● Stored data
lemma commutes_with_symmetric_part_and_commutator:
  fixes Q S L :: "real^'n^'n"
  assumes S: "transpose S = S" and L: "transpose L = - L"
    and comm: "\<And>t. commutes Q (mat_exp (t *\<^sub>R - (S + L)) ** mat_exp (t *\<^sub>R - transpose (S + L)))"
  shows "commutes Q S" and "commutes Q (L ** S - S ** L)"
proof -
  have MT: "- transpose (S + L) = L - S"
    using S L by (simp add: transpose_add_matrix)
  note expansion = commutes_with_exp_products[of Q "- (S + L)" "L - S", OF comm[unfolded MT]]
  have "- (S + L) + (L - S) = (-2) *\<^sub>R S"
    by (simp add: algebra_simps scaleR_2)
  with expansion(1) have "commutes Q ((-2) *\<^sub>R S)"
    by (simp only:)
  then show cS: "commutes Q S"
    by (simp only: commutes_scaleR_iff)
  have "(1/2) *\<^sub>R (- (S + L) ** - (S + L)) + (1/2) *\<^sub>R ((L - S) ** (L - S)) + - (S + L) ** (L - S)
      = 2 *\<^sub>R (S ** S) + (L ** S - S ** L)"
    by (simp add: matrix_mult_algebra algebra_simps scaleR_2) (simp add: vec_eq_iff)
  with expansion(2) have "commutes Q (2 *\<^sub>R (S ** S) + (L ** S - S ** L))"
    by simp
  moreover have "commutes Q (2 *\<^sub>R (S ** S))"
    using cS by (simp add: commutes_scaleR_iff commutes_mult)
  ultimately show "commutes Q (L ** S - S ** L)"
    using commutes_diff by fastforce
qed

lemma inner_matrix_transpose: "x \<bullet> (A *v y) = (transpose A *v x) \<bullet> (y::real^'n)"
  by (simp add: dot_lmul_matrix)

lemma symmetric_eigenvectors_orthogonal:
  fixes S :: "real^'n^'n"
  assumes "transpose S = S" "S *v u = a *\<^sub>R u" "S *v v = b *\<^sub>R v" "a \<noteq> b"
  shows "u \<bullet> v = 0"
proof -
  have "a * (u \<bullet> v) = u \<bullet> (S *v v)"
    using assms(1,2) inner_matrix_transpose[of u S v] by simp
  also have "\<dots> = b * (u \<bullet> v)"
    using assms(3) by simp
  finally show ?thesis
    using assms(4) by simp
qed

definition eigenbasis :: "real^'n^'n \<Rightarrow> (real \<Rightarrow> real^'n) \<Rightarrow> bool" where
  "eigenbasis S ev \<longleftrightarrow>
     (\<forall>l\<in>real_eigenvalues S. ev l \<noteq> 0 \<and> S *v ev l = l *\<^sub>R ev l)
   \<and> (\<forall>w. (\<forall>l\<in>real_eigenvalues S. w \<bullet> ev l = 0) \<longrightarrow> w = 0)"

lemma eigenbasisD:
  assumes "eigenbasis S ev"
  shows "\<And>l. l \<in> real_eigenvalues S \<Longrightarrow> ev l \<noteq> 0"
    and "\<And>l. l \<in> real_eigenvalues S \<Longrightarrow> S *v ev l = l *\<^sub>R ev l"
    and "\<And>w. (\<And>l. l \<in> real_eigenvalues S \<Longrightarrow> w \<bullet> ev l = 0) \<Longrightarrow> w = 0"
  using assms by (auto simp: eigenbasis_def)

(* A symmetric matrix with n distinct eigenvalues has such an eigenbasis: n
   pairwise orthogonal eigenvectors are independent, hence span R^n. *)
lemma sym_distinct_eig_eigenbasis:
  fixes S :: "real^'n^'n"
  assumes "sym_distinct_eig S"
  shows "\<exists>ev. eigenbasis S ev"
proof -
  let ?E = "real_eigenvalues S"
  have sym: "transpose S = S" and card: "card ?E = CARD('n)"
    using assms by (auto simp: sym_distinct_eig_def symmetric_matrix_def)
  define ev where "ev l = (SOME v. v \<noteq> 0 \<and> S *v v = l *\<^sub>R v)" for l
  have ev: "ev l \<noteq> 0 \<and> S *v ev l = l *\<^sub>R ev l" if "l \<in> ?E" for l
    using someI_ex[of "\<lambda>v. v \<noteq> 0 \<and> S *v v = l *\<^sub>R v"] that
    by (simp add: real_eigenvalues_def ev_def)
  have orth: "ev l \<bullet> ev m = 0" if "l \<in> ?E" "m \<in> ?E" "l \<noteq> m" for l m
    using symmetric_eigenvectors_orthogonal[OF sym] ev that by blast
  have "inj_on ev ?E"
    by (rule inj_onI) (metis ev inner_eq_zero_iff orth)
  then have card_basis: "card (ev ` ?E) = CARD('n)"
    using card by (simp add: card_image)
  have "pairwise orthogonal (ev ` ?E)"
    by (auto simp: pairwise_def orthogonal_def intro: orth)
  moreover have "0 \<notin> ev ` ?E"
    using ev by force
  ultimately have "independent (ev ` ?E)"
    by (rule pairwise_orthogonal_independent)
  then have spans: "UNIV \<subseteq> span (ev ` ?E)"
    by (intro card_ge_dim_independent) (auto simp: card_basis)
  have "w = 0" if w: "\<forall>l\<in>?E. w \<bullet> ev l = 0" for w
  proof -
    have "orthogonal w w"
      by (rule orthogonal_to_span[of w "ev ` ?E"]) (use spans w in \<open>auto simp: orthogonal_def\<close>)
    then show ?thesis
      by (simp add: orthogonal_def)
  qed
  with ev show ?thesis
    by (auto simp: eigenbasis_def)
qed

lemma eigenbasis_matrix_eq_zero:
  fixes X :: "real^'n^'n"
  assumes basis: "eigenbasis S ev"
    and entries: "\<And>l m. l \<in> real_eigenvalues S \<Longrightarrow> m \<in> real_eigenvalues S \<Longrightarrow> ev l \<bullet> (X *v ev m) = 0"
  shows "X = 0"
proof -
  have columns: "X *v ev m = 0" if "m \<in> real_eigenvalues S" for m
    using eigenbasisD(3)[OF basis] entries[OF _ that] by (simp add: inner_commute)
  have "transpose X *v y = 0" for y
    by (rule eigenbasisD(3)[OF basis]) (simp add: dot_lmul_matrix columns)
  then have "transpose X = 0"
    by (simp add: matrix_eq)
  then show ?thesis
    by (metis transpose_transpose transpose_mat mat_0)
qed

lemma eigenbasis_eigenline:
  fixes S :: "real^'n^'n"
  assumes sym: "transpose S = S" and basis: "eigenbasis S ev"
    and l: "l \<in> real_eigenvalues S" and w: "S *v w = l *\<^sub>R w"
  shows "w = ((w \<bullet> ev l) / (ev l \<bullet> ev l)) *\<^sub>R ev l"
proof -
  have "w - ((w \<bullet> ev l) / (ev l \<bullet> ev l)) *\<^sub>R ev l = 0"
  proof (rule eigenbasisD(3)[OF basis])
    fix m assume m: "m \<in> real_eigenvalues S"
    show "(w - ((w \<bullet> ev l) / (ev l \<bullet> ev l)) *\<^sub>R ev l) \<bullet> ev m = 0"
    proof (cases "m = l")
      case False
      have "w \<bullet> ev m = 0" and "ev l \<bullet> ev m = 0"
        using symmetric_eigenvectors_orthogonal[OF sym] eigenbasisD(2)[OF basis] l m w False
        by metis+
      then show ?thesis
        by (simp add: inner_diff_left)
    qed (use eigenbasisD(1)[OF basis l] in \<open>simp add: inner_diff_left\<close>)
  qed
  then show ?thesis
    by simp
qed

lemma orthogonal_matrix_eigenvector:
  fixes Q :: "real^'n^'n"
  assumes orth: "orthogonal_matrix Q" and v: "Q *v v = c *\<^sub>R v" "v \<noteq> 0"
  shows "c = 1 \<or> c = -1" and "transpose Q *v v = c *\<^sub>R v"
proof -
  have QtQ: "transpose Q ** Q = mat 1"
    using orth by (simp add: orthogonal_matrix_def)
  have recovered: "transpose Q *v (Q *v v) = v"
    by (simp only: matrix_vector_mul_assoc QtQ matrix_vector_mul_lid)
  have "c * c * (v \<bullet> v) = (Q *v v) \<bullet> (Q *v v)"
    using v(1) by simp
  also have "\<dots> = v \<bullet> v"
    by (simp only: inner_matrix_transpose recovered)
  finally have "c * c = 1"
    using v(2) by simp
  then show sign: "c = 1 \<or> c = -1"
    by (simp add: square_eq_1_iff)
  have "c *\<^sub>R (transpose Q *v v) = v"
    using recovered v(1) by (simp add: matrix_vector_mult_scaleR)
  then show "transpose Q *v v = c *\<^sub>R v"
    using sign by (auto simp: minus_equation_iff)
qed

(* An orthogonal matrix commuting with S preserves its eigenlines, hence is
   diagonal with entries +1/-1 in the eigenbasis of S. *)
lemma commuting_orthogonal_sign_diagonal:
  fixes Q S :: "real^'n^'n"
  assumes sym: "transpose S = S" and basis: "eigenbasis S ev"
    and orth: "orthogonal_matrix Q" and comm: "commutes Q S"
  obtains eps where "\<And>l. l \<in> real_eigenvalues S \<Longrightarrow>
      (eps l = 1 \<or> eps l = -1) \<and> Q *v ev l = eps l *\<^sub>R ev l \<and> transpose Q *v ev l = eps l *\<^sub>R ev l"
proof -
  have "\<exists>e. (e = 1 \<or> e = -1) \<and> Q *v ev l = e *\<^sub>R ev l \<and> transpose Q *v ev l = e *\<^sub>R ev l"
    if l: "l \<in> real_eigenvalues S" for l
  proof -
    have "S *v (Q *v ev l) = Q *v (S *v ev l)"
      using comm by (simp add: commutes_def matrix_vector_mul_assoc)
    also have "\<dots> = l *\<^sub>R (Q *v ev l)"
      by (simp add: eigenbasisD(2)[OF basis l] matrix_vector_mult_scaleR)
    finally have "Q *v ev l = ((Q *v ev l) \<bullet> ev l / (ev l \<bullet> ev l)) *\<^sub>R ev l"
      by (rule eigenbasis_eigenline[OF sym basis l])
    then show ?thesis
      using orthogonal_matrix_eigenvector[OF orth _ eigenbasisD(1)[OF basis l]] by blast
  qed
  then show ?thesis
    using that by metis
qed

● Task item
What is needed is a copy of every line above in which "noteq" appears.

● Solution to this task
  assumes "transpose S = S" "S *v u = a *\<^sub>R u" "S *v v = b *\<^sub>R v" "a \<noteq> b"
     (\<forall>l\<in>real_eigenvalues S. ev l \<noteq> 0 \<and> S *v ev l = l *\<^sub>R ev l)
  shows "\<And>l. l \<in> real_eigenvalues S \<Longrightarrow> ev l \<noteq> 0"
  define ev where "ev l = (SOME v. v \<noteq> 0 \<and> S *v v = l *\<^sub>R v)" for l
  have ev: "ev l \<noteq> 0 \<and> S *v ev l = l *\<^sub>R ev l" if "l \<in> ?E" for l
    using someI_ex[of "\<lambda>v. v \<noteq> 0 \<and> S *v v = l *\<^sub>R v"] that
  have orth: "ev l \<bullet> ev m = 0" if "l \<in> ?E" "m \<in> ?E" "l \<noteq> m" for l m
  assumes orth: "orthogonal_matrix Q" and v: "Q *v v = c *\<^sub>R v" "v \<noteq> 0"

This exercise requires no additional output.